В высотных зданиях отказались от деревянных перекрытий, заменив их монолитным железобетоном или готовыми железобетонными плитами. Их производство было начато на люберецком и кучинском заводах ЖБК. Поскольку вес такой плиты мог достигать 5 т, то острой проблемой стала необходимость создания принципиально новых подъемных механизмов взамен используемых в мировой и отечественной строительной практике деррик-кранов. Советские конструкторы П.П. Велихов, И.Б. Гитман и Л.Н. Щипакин создали универсальный башенный кран, нашедший применение на всех высотных стройках столицы. «Это замечательное изобретение, лишенное всех недостатков, свойственных американским деррик-кранам, позволяет успешно вести строительство самых сложных высотных объектов» [17].
Важнейшее новшество, которое было применено в монолитном бетонировании межэтажных перекрытий в зданиях на площади Восстания и Комсомольской площади, состояло в том, что бетон подавался и укладывался не тачками или бадьями, а с помощью бетононасоса, способного перекачивать бетон на высоту до 40 м.
Использование стального каркаса потребовало применения нового стенового материала. Так, в нашем строительстве появились «многодырчатые» кирпичи и специальные пустотелые керамические камни. Производство этих материалов было налажено на вновь созданном заводе в с. Кудиново.

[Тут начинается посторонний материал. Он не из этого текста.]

(* Let $(L,d)$ be a metric locale without isolated points and let $a\in L$ with $a<1$ and $a^*=0$. Then there exist subsets $B_n\subseteq L$ for $n\in\mathbb{N}=\{1,2,\dots\}$ and, for each $n$ and each $b\in B_n$, elements $g_b,h_b\in L$ with $0\ne g_b\le b$, $0\ne h_b\le b$ and $g_b\wedge h_b=0$, such that for every $n\in\mathbb{N}$: (1$_n$) $d(b)\le \frac{2}{n}$ for every $b\in B_n$; (2$_n$) for every $x\in L$ with $d(x)\le\frac1n$, there is at most one $b\in B_n$ with $x\wedge b\ne0$; (3$_n$) for every $m<n$, every $b\in B_n$ and every $b'\in B_m$, $g_{b'}\wedge b=0=h_{b'}\wedge b$; (4$_n$) $B_n$ is maximal (with respect to inclusion) among subsets $B\subseteq L$ satisfying the conditions (1$_n$)–(3$_n$) with $B$ in place of $B_n$; (5$_n$) for every $b\in B_n$, $a\vee g_b^*=1=a\vee h_b^*$.
   Context: A frame (locale) $L$ is a complete lattice in which finite meets distribute over arbitrary joins; $a^*$ denotes the pseudocomplement of $a$. A diameter on $L$ is a map $d\colon L\to[0,+\infty]$ with (D1) $d(0)=0$; (D2) $a\le b\Rightarrow d(a)\le d(b)$; (D3) $a\wedge b\neq 0\Rightarrow d(a\vee b)\le d(a)+d(b)$; (D4) for every $\varepsilon>0$, $\bigvee\{a\in L\mid d(a)<\varepsilon\}=1$. Write $b\lhd_\varepsilon a$ if for every $c\in L$ with $d(c)<\varepsilon$, $c\wedge b\ne0$ implies $c\le a$. The diameter is admissible if $a=\bigvee\{b\in L\mid b\lhd_\varepsilon a \text{ for some }\varepsilon>0\}$ for all $a\in L$; a metric locale is a pair $(L,d)$ with $d$ an admissible diameter. A sublocale of $L$ is a subset closed under arbitrary meets such that $x\to s$ lies in it whenever $s$ does ($\to$ the Heyting implication); the open sublocale of $x$ is $\mathfrak{o}(x)=\{x\to y\mid y\in L\}$. A point of $L$ is $p\ne1$ such that $x\wedge y\le p$ implies $x\le p$ or $y\le p$; it is isolated if the sublocale $\{1,p\}$ equals $\mathfrak{o}(x)$ for some $x\in L$. *)

theory Defs
  imports Complex_Main "HOL-Library.Extended_Nonnegative_Real"
begin

definition frame :: "'a::complete_lattice itself \<Rightarrow> bool" where
  "frame _ \<longleftrightarrow> (\<forall>(a::'a) S. inf a (Sup S) = Sup ((\<lambda>s. inf a s) ` S))"

definition pseudocompl :: "'a::complete_lattice \<Rightarrow> 'a" where
  "pseudocompl a = Sup {x. inf x a = bot}"

definition himp :: "'a::complete_lattice \<Rightarrow> 'a \<Rightarrow> 'a" where
  "himp x y = Sup {z. inf z x \<le> y}"

definition diameter :: "('a::complete_lattice \<Rightarrow> ennreal) \<Rightarrow> bool" where
  "diameter d \<longleftrightarrow>
     d bot = 0 \<and>
     (\<forall>a b. a \<le> b \<longrightarrow> d a \<le> d b) \<and>
     (\<forall>a b. inf a b \<noteq> bot \<longrightarrow> d (sup a b) \<le> d a + d b) \<and>
     (\<forall>\<epsilon>::real. \<epsilon> > 0 \<longrightarrow> Sup {a. d a < ennreal \<epsilon>} = top)"

definition uniformly_below :: "('a::complete_lattice \<Rightarrow> ennreal) \<Rightarrow> real \<Rightarrow> 'a \<Rightarrow> 'a \<Rightarrow> bool" where
  "uniformly_below d \<epsilon> b a \<longleftrightarrow>
     (\<forall>c. d c < ennreal \<epsilon> \<longrightarrow> inf c b \<noteq> bot \<longrightarrow> c \<le> a)"

definition admissible :: "('a::complete_lattice \<Rightarrow> ennreal) \<Rightarrow> bool" where
  "admissible d \<longleftrightarrow>
     (\<forall>a. a = Sup {b. \<exists>\<epsilon>::real. \<epsilon> > 0 \<and> uniformly_below d \<epsilon> b a})"

definition metric_locale :: "('a::complete_lattice \<Rightarrow> ennreal) \<Rightarrow> bool" where
  "metric_locale d \<longleftrightarrow> frame TYPE('a) \<and> diameter d \<and> admissible d"

definition sublocale_of :: "'a::complete_lattice set \<Rightarrow> bool" where
  "sublocale_of S \<longleftrightarrow> (\<forall>T. T \<subseteq> S \<longrightarrow> Inf T \<in> S) \<and> (\<forall>x s. s \<in> S \<longrightarrow> himp x s \<in> S)"

definition open_sublocale :: "'a::complete_lattice \<Rightarrow> 'a set" where
  "open_sublocale x = {himp x y | y. True}"

definition is_point :: "'a::complete_lattice \<Rightarrow> bool" where
  "is_point p \<longleftrightarrow> p \<noteq> top \<and> (\<forall>x y. inf x y \<le> p \<longrightarrow> x \<le> p \<or> y \<le> p)"

definition isolated_point :: "'a::complete_lattice \<Rightarrow> bool" where
  "isolated_point p \<longleftrightarrow> is_point p \<and> (\<exists>x. {top, p} = open_sublocale x)"

definition no_isolated_points :: "'a::complete_lattice itself \<Rightarrow> bool" where
  "no_isolated_points _ \<longleftrightarrow> (\<forall>p::'a. \<not> isolated_point p)"

end

theory Submission
  imports Defs
begin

Можно с уверенностью сказать, что возведение высотных зданий в послевоенной Москве стало мощным стимулом развития технического прогресса в строительной отрасли.
На архитектурно-строительную деятельность заметно повлияли драматические коллизии, имевшие место во взаимоотношениях церкви и государства. Если перед войной масштаб репрессий в отношении священнослужителей приобрел размах, превосходящий период революционного террора и «военного коммунизма», а снос и закрытие храмов при осуществлении градостроительных планов имели массовый характер, то в 1943 г. Сталин не просто ограничивает антирелигиозную пропаганду, но даже инициирует избрание на патриарший престол митрополита Сергия.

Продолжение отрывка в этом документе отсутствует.